Türklerin 'beka' sorunu

“Sözün özü, siyasetin, sivil toplumun bütün renkleri ve kümeleri önce “kendisi olmak” ve değişime ayak uydurmak mecburiyetinde.” Bir önceki yazım bu cümleyle son buluyordu. Yeni siyaset arayışı konusunda bu hafta ortasında iki yeni gelişme oldu.

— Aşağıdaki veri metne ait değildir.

(* Let $n\in\mathbb{N}$, $n\geq 2$, let $l\in(0,\frac{2}{n})$ and let $\alpha$ satisfy $\frac{2}{n}\leq\alpha<1+\frac{1}{n}-\frac{l}{2}$. Let $\theta$ with $1<\theta<\frac{n}{n-2}$ and $\mu>\frac{n}{2}$ be such that $$\frac{l(2\mu-1)}{4\mu-n}<\frac{n(\theta+1-2\alpha\theta)+2\theta}{2n\theta+n^2-n^2\theta}.$$ Then there is $q_r\in[1,\infty)$ such that for all $q>q_r$, $$-\frac{2l\big(nq+\mu(4+n^2-2n(2+q))\big)}{n(4\mu-n)}<\frac{q\big(2n(\theta+1-2\alpha\theta)+4\theta\big)+2n\theta(\alpha-1)(n-2)}{2n\theta+n^2-n^2\theta}.$$
   Context: For $n=2$ the condition $1<\theta<\frac{n}{n-2}$ is understood as $\theta>1$. *)

theory Defs
  imports "HOL-Analysis.Analysis"
begin

end

theory Submission
  imports Defs
begin

text \<open>Both sides of the claimed inequality are affine functions of \<open>q\<close>, and their slopes are
  twice the two sides of \<open>hcond\<close>. An affine function with the larger slope eventually
  dominates.\<close>

lemma affine_less_affine_eventually:
  fixes a b c d :: real
  assumes "a < b"
  shows "\<exists>q\<^sub>0\<ge>1. \<forall>q>q\<^sub>0. a * q + c < b * q + d"
proof (intro exI[of _ "max 1 ((c - d) / (b - a))"] conjI allI impI)
  fix q :: real
  assume "max 1 ((c - d) / (b - a)) < q"
  then have "c - d < q * (b - a)"
    using assms by (simp add: pos_divide_less_eq)
  then show "a * q + c < b * q + d"
    by (simp add: algebra_simps)
qed simp

lemma affine_form_lhs:
  fixes N K l \<mu> q :: real
  assumes "N \<noteq> 0"
  shows "- (2 * l * (N * q + \<mu> * (4 + N\<^sup>2 - 2 * N * (2 + q)))) / (N * K)
    = 2 * (l * (2 * \<mu> - 1) / K) * q + (- 2 * l * \<mu> * (N - 2)\<^sup>2 / (N * K))"
proof (cases "K = 0")
  case False
  with assms show ?thesis
    by (simp add: field_simps power2_eq_square)
qed simp

lemma affine_form_rhs:
  fixes X E D q :: real
  shows "(q * (2 * X) + E) / D = 2 * (X / D) * q + E / D"
  by (simp add: add_divide_distrib)

theorem lemma4p5:
  fixes n :: nat and l \<alpha> \<theta> \<mu> :: real
  assumes hn: "n \<ge> 2"
    and hl: "0 < l" "l < 2 / real n"
    and ha: "2 / real n \<le> \<alpha>" "\<alpha> < 1 + 1 / real n - l / 2"
    and ht: "1 < \<theta>" "n = 2 \<or> \<theta> < real n / (real n - 2)"
    and hmu: "\<mu> > real n / 2"
    and hcond: "l * (2 * \<mu> - 1) / (4 * \<mu> - real n)
       < (real n * (\<theta> + 1 - 2 * \<alpha> * \<theta>) + 2 * \<theta>)
         / (2 * real n * \<theta> + (real n)^2 - (real n)^2 * \<theta>)"
  shows "\<exists>q_r::real. 1 \<le> q_r \<and> (\<forall>q::real. q > q_r \<longrightarrow>
     - (2 * l * (real n * q + \<mu> * (4 + (real n)^2 - 2 * real n * (2 + q))))
        / (real n * (4 * \<mu> - real n))
     < (q * (2 * real n * (\<theta> + 1 - 2 * \<alpha> * \<theta>) + 4 * \<theta>)
          + 2 * real n * \<theta> * (\<alpha> - 1) * (real n - 2))
       / (2 * real n * \<theta> + (real n)^2 - (real n)^2 * \<theta>))"
proof -
  let ?K = "4 * \<mu> - real n" and ?D = "2 * real n * \<theta> + (real n)^2 - (real n)^2 * \<theta>"
  let ?X = "real n * (\<theta> + 1 - 2 * \<alpha> * \<theta>) + 2 * \<theta>"
  let ?E = "2 * real n * \<theta> * (\<alpha> - 1) * (real n - 2)"
  obtain q\<^sub>0 where "1 \<le> q\<^sub>0" and q\<^sub>0: "\<forall>q>q\<^sub>0.
      2 * (l * (2 * \<mu> - 1) / ?K) * q + (- 2 * l * \<mu> * (real n - 2)\<^sup>2 / (real n * ?K))
    < 2 * (?X / ?D) * q + ?E / ?D"
    using affine_less_affine_eventually hcond by (metis mult_less_cancel_left_pos zero_less_numeral)
  have "real n \<noteq> 0"
    using hn by simp
  moreover have "q * (2 * real n * (\<theta> + 1 - 2 * \<alpha> * \<theta>) + 4 * \<theta>) = q * (2 * ?X)" for q
    by (simp add: algebra_simps)
  ultimately show ?thesis
    using \<open>1 \<le> q\<^sub>0\<close> q\<^sub>0 affine_form_lhs affine_form_rhs by metis
qed

end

İlki, Edirne Cezaevi’nde tutuklu bulunan HDP Eş Başkanı Selahattin Demirtaş, referandum sonrası yapmış olduğu değerlendirmeye yeni bir boyut getirdi. Özgürlükçü Demokrasi Gazetesi’ne verdiği özel röportajda Demirtaş, Demokrasi Cephesi çağrısı yaptı. Daha doğrusu bir süre önce avukatları aracıyla kamuoyuyla paylaştığı referandum değerlendirmesini daha somut hale getirdi. Önceki değerlendirmesinde yer alan bazı cümlelerden kaynaklanan AK Parti ile iş birliği mi arıyor biçimindeki yanlış anlamaları düzetti ve önerisini daha bir anlaşılır kıldı.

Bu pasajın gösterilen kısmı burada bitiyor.